• **WHAT YOU SHOULD DO**
Write the data out again so that it matches word for word.

• **DATA SUPPLIED**
--- START ---
text \<open>Identifying selectors at s with vectors in a compact simplex, on which Pre1_fix is a
  minimum of finitely many linear functions, the supremum in Pre1 is attained.\<close>

lemma Pre1_attained:
  fixes G :: "('s::finite, 'm::finite) cgs"
  assumes ne1: "mv1 G s \<noteq> {}" and ne2: "mv2 G s \<noteq> {}"
  obtains x where "x \<in> sel_at (mv1 G) s" "Pre1_fix G v x s = Pre1 G v s"
proof -
  define H where "H y = (MIN b\<in>mv2 G s. \<Sum>a\<in>UNIV. y $ a * (\<Sum>t\<in>UNIV. v t * pmf (trans G s a b) t))"
    for y :: "real^'m"
  define vec where "vec x = (\<chi> a. pmf x a)" for x :: "'m pmf"
  define S where "S = cbox 0 1 \<inter> {y::real^'m. (\<forall>a. a \<notin> mv1 G s \<longrightarrow> y $ a = 0) \<and> (\<Sum>a\<in>UNIV. y $ a) = 1}"
  have H_vec: "Pre1_fix G v x s = H (vec x)" for x
  proof -
    have "Pre_sel G v x (return_pmf b) s = (\<Sum>a\<in>UNIV. pmf x a * (\<Sum>t\<in>UNIV. v t * pmf (trans G s a b) t))" for b
      unfolding Pre_sel_return_pmf pmf_bind_finite sum_distrib_left
      by (subst sum.swap) (simp add: mult_ac)
    then show ?thesis by (simp add: Pre1_fix_eq_Min[OF ne2] H_def vec_def)
  qed
  have vec_S: "vec x \<in> S" if "x \<in> sel_at (mv1 G) s" for x
    using that by (auto simp: S_def vec_def mem_box_cart pmf_le_1 sum_pmf_UNIV sel_at_def set_pmf_iff)
  have "closed {y::real^'m. (\<forall>a. a \<notin> mv1 G s \<longrightarrow> y $ a = 0) \<and> (\<Sum>a\<in>UNIV. y $ a) = 1}"
    by (intro closed_Collect_conj closed_Collect_all closed_Collect_imp closed_Collect_eq
        open_Collect_const continuous_intros)
  then have "compact S" unfolding S_def by (intro compact_Int_closed compact_cbox)
  moreover obtain a0 where "a0 \<in> mv1 G s" using ne1 by auto
  then have "S \<noteq> {}" using vec_S[of "return_pmf a0"] by (auto simp: sel_at_def)
  moreover have "continuous_on S H"
    unfolding H_def by (rule continuous_on_Min) (use ne2 in \<open>auto intro!: continuous_intros\<close>)
  ultimately obtain y where y: "y \<in> S" and y_max: "\<And>z. z \<in> S \<Longrightarrow> H z \<le> H y"
    using continuous_attains_sup[of S H] by blast
  have y_nonneg: "\<And>a. 0 \<le> y $ a" and "(\<Sum>a\<in>UNIV. y $ a) = 1"
    using y by (auto simp: S_def mem_box_cart)
  then have "(\<integral>\<^sup>+a. ennreal (y $ a) \<partial>count_space UNIV) = 1"
    by (simp add: nn_integral_count_space_finite)
  then have pmf_x: "pmf (embed_pmf (\<lambda>a. y $ a)) a = y $ a" for a
    by (rule pmf_embed_pmf[OF y_nonneg])
  define x where "x = embed_pmf (\<lambda>a. y $ a)"
  have x_sel: "x \<in> sel_at (mv1 G) s"
    using y by (auto simp: sel_at_def S_def set_pmf_iff x_def pmf_x)
  have x_max: "Pre1_fix G v x' s \<le> Pre1_fix G v x s" if "x' \<in> sel_at (mv1 G) s" for x'
    using y_max[OF vec_S[OF that]] by (simp add: H_vec vec_def x_def pmf_x vec_eq_iff)
  have "Pre1 G v s = Pre1_fix G v x s"
    unfolding Pre1_def
  proof (rule antisym)
    show "(SUP x\<in>sel_at (mv1 G) s. Pre1_fix G v x s) \<le> Pre1_fix G v x s"
      by (rule cSUP_least) (use x_sel x_max in auto)
    show "Pre1_fix G v x s \<le> (SUP x\<in>sel_at (mv1 G) s. Pre1_fix G v x s)"
      by (rule cSUP_upper[OF x_sel]) (use x_max in \<open>auto intro!: bdd_aboveI2\<close>)
  qed
  then show ?thesis using that x_sel by simp
qed

lemma strat_uniform: "\<forall>s. Gam s \<noteq> {} \<Longrightarrow> strat Gam (\<lambda>h. pmf_of_set (Gam (last h :: 's)) :: 'm::finite pmf)"
  by (simp add: strat_def)
(* Let $\sigma=(V,\mathrm{atime},\mathrm{pos})$ be an instance of $k$-MPMD on an $H$-metric space with parameter $\gamma$. Let $\mathcal M$ be any perfect $k$-way matching of $V$ and let $M=\{\{u,v\}\in E:\exists F\in\mathcal M,\ u,v\in F\}$. Then the characteristic vector $x=\mathbb 1_M\in\{0,1\}^E$ is a feasible solution of the linear program $(\mathcal P')$. Moreover, $\mathcal P'(\sigma)\le\mathcal{OPT}(\sigma)$, where $\mathcal P'(\sigma)$ is the optimal value of $(\mathcal P')$.
   Context: $k\ge2$. An $H$-metric with parameter $\gamma$ (integer, $1\le\gamma\le k-1$) is a map $d_H:\chi^k\to[0,\infty)$ that is invariant under permutation of its arguments, is zero iff all arguments are equal, satisfies $d_H(p_1,\ldots,p_k)\le d_H(p_1,\ldots,p_i,a,\ldots,a)+d_H(a,\ldots,a,p_{i+1},\ldots,p_k)$ for all $p_j,a\in\chi$ and $i\in\{1,\dots,k\}$ (with $k-i$, resp. $i$, copies of $a$), and satisfies: $d_H(p)\le d_H(p')$ whenever the set of distinct entries of $p$ is a proper subset of that of $p'$, and $d_H(p)\le\gamma d_H(p')$ whenever these sets are equal. An instance of $k$-MPMD is $\sigma=(V,\mathrm{atime},\mathrm{pos})$ with $V=\{u_1,\ldots,u_m\}$ a set of requests ($m$ a multiple of $k$), arrival times $\mathrm{atime}:V\to\mathbb R_{\ge0}$ nondecreasing in the index, and positions $\mathrm{pos}:V\to\chi$. A perfect $k$-way matching is a partition of $V$ into $k$-element sets. For a $k$-element $F=\{v_1,\ldots,v_k\}$, $\mathrm{opt\text{-}cost}(F):=d_H(\mathrm{pos}(v_1),\ldots,\mathrm{pos}(v_k))+\sum_{i=1}^k(\max_j\mathrm{atime}(v_j)-\mathrm{atime}(v_i))$, and $\mathcal{OPT}(\sigma)$ is the minimum of $\sum_{F\in\mathcal M}\mathrm{opt\text{-}cost}(F)$ over perfect $k$-way matchings $\mathcal M$ (the offline optimum). The metric $d$ on $\chi$ is $d(p,q):=d_H(p,q,\ldots,q)+d_H(q,p,\ldots,p)$ (first argument once, second $k-1$ times). $E$ is the set of unordered pairs $\{u,w\}$ of distinct requests, and $\mathrm{opt\text{-}cost}(\{u,w\}):=d(\mathrm{pos}(u),\mathrm{pos}(w))+|\mathrm{atime}(u)-\mathrm{atime}(w)|$. For $S\subseteq V$, $\mathrm{sur}(S):=|S|\bmod k$ and $\delta(S)$ is the set of pairs in $E$ with exactly one element in $S$. The LP $(\mathcal P')$ is: minimize $\sum_{e\in E}\frac{1}{\gamma k^2}\mathrm{opt\text{-}cost}(e)x_e$ subject to $\sum_{e\in\delta(S)}x_e\ge\mathrm{sur}(S)(k-\mathrm{sur}(S))$ for all $S\subseteq V$, and $x_e\ge0$ for all $e\in E$. *)

theory Defs
  imports Complex_Main "HOL-Library.Disjoint_Sets" "HOL-Library.Multiset"
begin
--- END ---
• **RESPONSE FOR THIS EXERCISE**
text \<open>Identifying selectors at s with vectors in a compact simplex, on which Pre1_fix is a
  minimum of finitely many linear functions, the supremum in Pre1 is attained.\<close>

lemma Pre1_attained:
  fixes G :: "('s::finite, 'm::finite) cgs"
  assumes ne1: "mv1 G s \<noteq> {}" and ne2: "mv2 G s \<noteq> {}"
  obtains x where "x \<in> sel_at (mv1 G) s" "Pre1_fix G v x s = Pre1 G v s"
proof -
  define H where "H y = (MIN b\<in>mv2 G s. \<Sum>a\<in>UNIV. y $ a * (\<Sum>t\<in>UNIV. v t * pmf (trans G s a b) t))"
    for y :: "real^'m"
  define vec where "vec x = (\<chi> a. pmf x a)" for x :: "'m pmf"
  define S where "S = cbox 0 1 \<inter> {y::real^'m. (\<forall>a. a \<notin> mv1 G s \<longrightarrow> y $ a = 0) \<and> (\<Sum>a\<in>UNIV. y $ a) = 1}"
  have H_vec: "Pre1_fix G v x s = H (vec x)" for x
  proof -
    have "Pre_sel G v x (return_pmf b) s = (\<Sum>a\<in>UNIV. pmf x a * (\<Sum>t\<in>UNIV. v t * pmf (trans G s a b) t))" for b
      unfolding Pre_sel_return_pmf pmf_bind_finite sum_distrib_left
      by (subst sum.swap) (simp add: mult_ac)
    then show ?thesis by (simp add: Pre1_fix_eq_Min[OF ne2] H_def vec_def)
  qed
  have vec_S: "vec x \<in> S" if "x \<in> sel_at (mv1 G) s" for x
    using that by (auto simp: S_def vec_def mem_box_cart pmf_le_1 sum_pmf_UNIV sel_at_def set_pmf_iff)
  have "closed {y::real^'m. (\<forall>a. a \<notin> mv1 G s \<longrightarrow> y $ a = 0) \<and> (\<Sum>a\<in>UNIV. y $ a) = 1}"
    by (intro closed_Collect_conj closed_Collect_all closed_Collect_imp closed_Collect_eq
        open_Collect_const continuous_intros)
  then have "compact S" unfolding S_def by (intro compact_Int_closed compact_cbox)
  moreover obtain a0 where "a0 \<in> mv1 G s" using ne1 by auto
  then have "S \<noteq> {}" using vec_S[of "return_pmf a0"] by (auto simp: sel_at_def)
  moreover have "continuous_on S H"
    unfolding H_def by (rule continuous_on_Min) (use ne2 in \<open>auto intro!: continuous_intros\<close>)
  ultimately obtain y where y: "y \<in> S" and y_max: "\<And>z. z \<in> S \<Longrightarrow> H z \<le> H y"
    using continuous_attains_sup[of S H] by blast
  have y_nonneg: "\<And>a. 0 \<le> y $ a" and "(\<Sum>a\<in>UNIV. y $ a) = 1"
    using y by (auto simp: S_def mem_box_cart)
  then have "(\<integral>\<^sup>+a. ennreal (y $ a) \<partial>count_space UNIV) = 1"
    by (simp add: nn_integral_count_space_finite)
  then have pmf_x: "pmf (embed_pmf (\<lambda>a. y $ a)) a = y $ a" for a
    by (rule pmf_embed_pmf[OF y_nonneg])
  define x where "x = embed_pmf (\<lambda>a. y $ a)"
  have x_sel: "x \<in> sel_at (mv1 G) s"
    using y by (auto simp: sel_at_def S_def set_pmf_iff x_def pmf_x)
  have x_max: "Pre1_fix G v x' s \<le> Pre1_fix G v x s" if "x' \<in> sel_at (mv1 G) s" for x'
    using y_max[OF vec_S[OF that]] by (simp add: H_vec vec_def x_def pmf_x vec_eq_iff)
  have "Pre1 G v s = Pre1_fix G v x s"
    unfolding Pre1_def
  proof (rule antisym)
    show "(SUP x\<in>sel_at (mv1 G) s. Pre1_fix G v x s) \<le> Pre1_fix G v x s"
      by (rule cSUP_least) (use x_sel x_max in auto)
    show "Pre1_fix G v x s \<le> (SUP x\<in>sel_at (mv1 G) s. Pre1_fix G v x s)"
      by (rule cSUP_upper[OF x_sel]) (use x_max in \<open>auto intro!: bdd_aboveI2\<close>)
  qed
  then show ?thesis using that x_sel by simp
qed

lemma strat_uniform: "\<forall>s. Gam s \<noteq> {} \<Longrightarrow> strat Gam (\<lambda>h. pmf_of_set (Gam (last h :: 's)) :: 'm::finite pmf)"
  by (simp add: strat_def)
(* Let $\sigma=(V,\mathrm{atime},\mathrm{pos})$ be an instance of $k$-MPMD on an $H$-metric space with parameter $\gamma$. Let $\mathcal M$ be any perfect $k$-way matching of $V$ and let $M=\{\{u,v\}\in E:\exists F\in\mathcal M,\ u,v\in F\}$. Then the characteristic vector $x=\mathbb 1_M\in\{0,1\}^E$ is a feasible solution of the linear program $(\mathcal P')$. Moreover, $\mathcal P'(\sigma)\le\mathcal{OPT}(\sigma)$, where $\mathcal P'(\sigma)$ is the optimal value of $(\mathcal P')$.
   Context: $k\ge2$. An $H$-metric with parameter $\gamma$ (integer, $1\le\gamma\le k-1$) is a map $d_H:\chi^k\to[0,\infty)$ that is invariant under permutation of its arguments, is zero iff all arguments are equal, satisfies $d_H(p_1,\ldots,p_k)\le d_H(p_1,\ldots,p_i,a,\ldots,a)+d_H(a,\ldots,a,p_{i+1},\ldots,p_k)$ for all $p_j,a\in\chi$ and $i\in\{1,\dots,k\}$ (with $k-i$, resp. $i$, copies of $a$), and satisfies: $d_H(p)\le d_H(p')$ whenever the set of distinct entries of $p$ is a proper subset of that of $p'$, and $d_H(p)\le\gamma d_H(p')$ whenever these sets are equal. An instance of $k$-MPMD is $\sigma=(V,\mathrm{atime},\mathrm{pos})$ with $V=\{u_1,\ldots,u_m\}$ a set of requests ($m$ a multiple of $k$), arrival times $\mathrm{atime}:V\to\mathbb R_{\ge0}$ nondecreasing in the index, and positions $\mathrm{pos}:V\to\chi$. A perfect $k$-way matching is a partition of $V$ into $k$-element sets. For a $k$-element $F=\{v_1,\ldots,v_k\}$, $\mathrm{opt\text{-}cost}(F):=d_H(\mathrm{pos}(v_1),\ldots,\mathrm{pos}(v_k))+\sum_{i=1}^k(\max_j\mathrm{atime}(v_j)-\mathrm{atime}(v_i))$, and $\mathcal{OPT}(\sigma)$ is the minimum of $\sum_{F\in\mathcal M}\mathrm{opt\text{-}cost}(F)$ over perfect $k$-way matchings $\mathcal M$ (the offline optimum). The metric $d$ on $\chi$ is $d(p,q):=d_H(p,q,\ldots,q)+d_H(q,p,\ldots,p)$ (first argument once, second $k-1$ times). $E$ is the set of unordered pairs $\{u,w\}$ of distinct requests, and $\mathrm{opt\text{-}cost}(\{u,w\}):=d(\mathrm{pos}(u),\mathrm{pos}(w))+|\mathrm{atime}(u)-\mathrm{atime}(w)|$. For $S\subseteq V$, $\mathrm{sur}(S):=|S|\bmod k$ and $\delta(S)$ is the set of pairs in $E$ with exactly one element in $S$. The LP $(\mathcal P')$ is: minimize $\sum_{e\in E}\frac{1}{\gamma k^2}\mathrm{opt\text{-}cost}(e)x_e$ subject to $\sum_{e\in\delta(S)}x_e\ge\mathrm{sur}(S)(k-\mathrm{sur}(S))$ for all $S\subseteq V$, and $x_e\ge0$ for all $e\in E$. *)

theory Defs
  imports Complex_Main "HOL-Library.Disjoint_Sets" "HOL-Library.Multiset"
begin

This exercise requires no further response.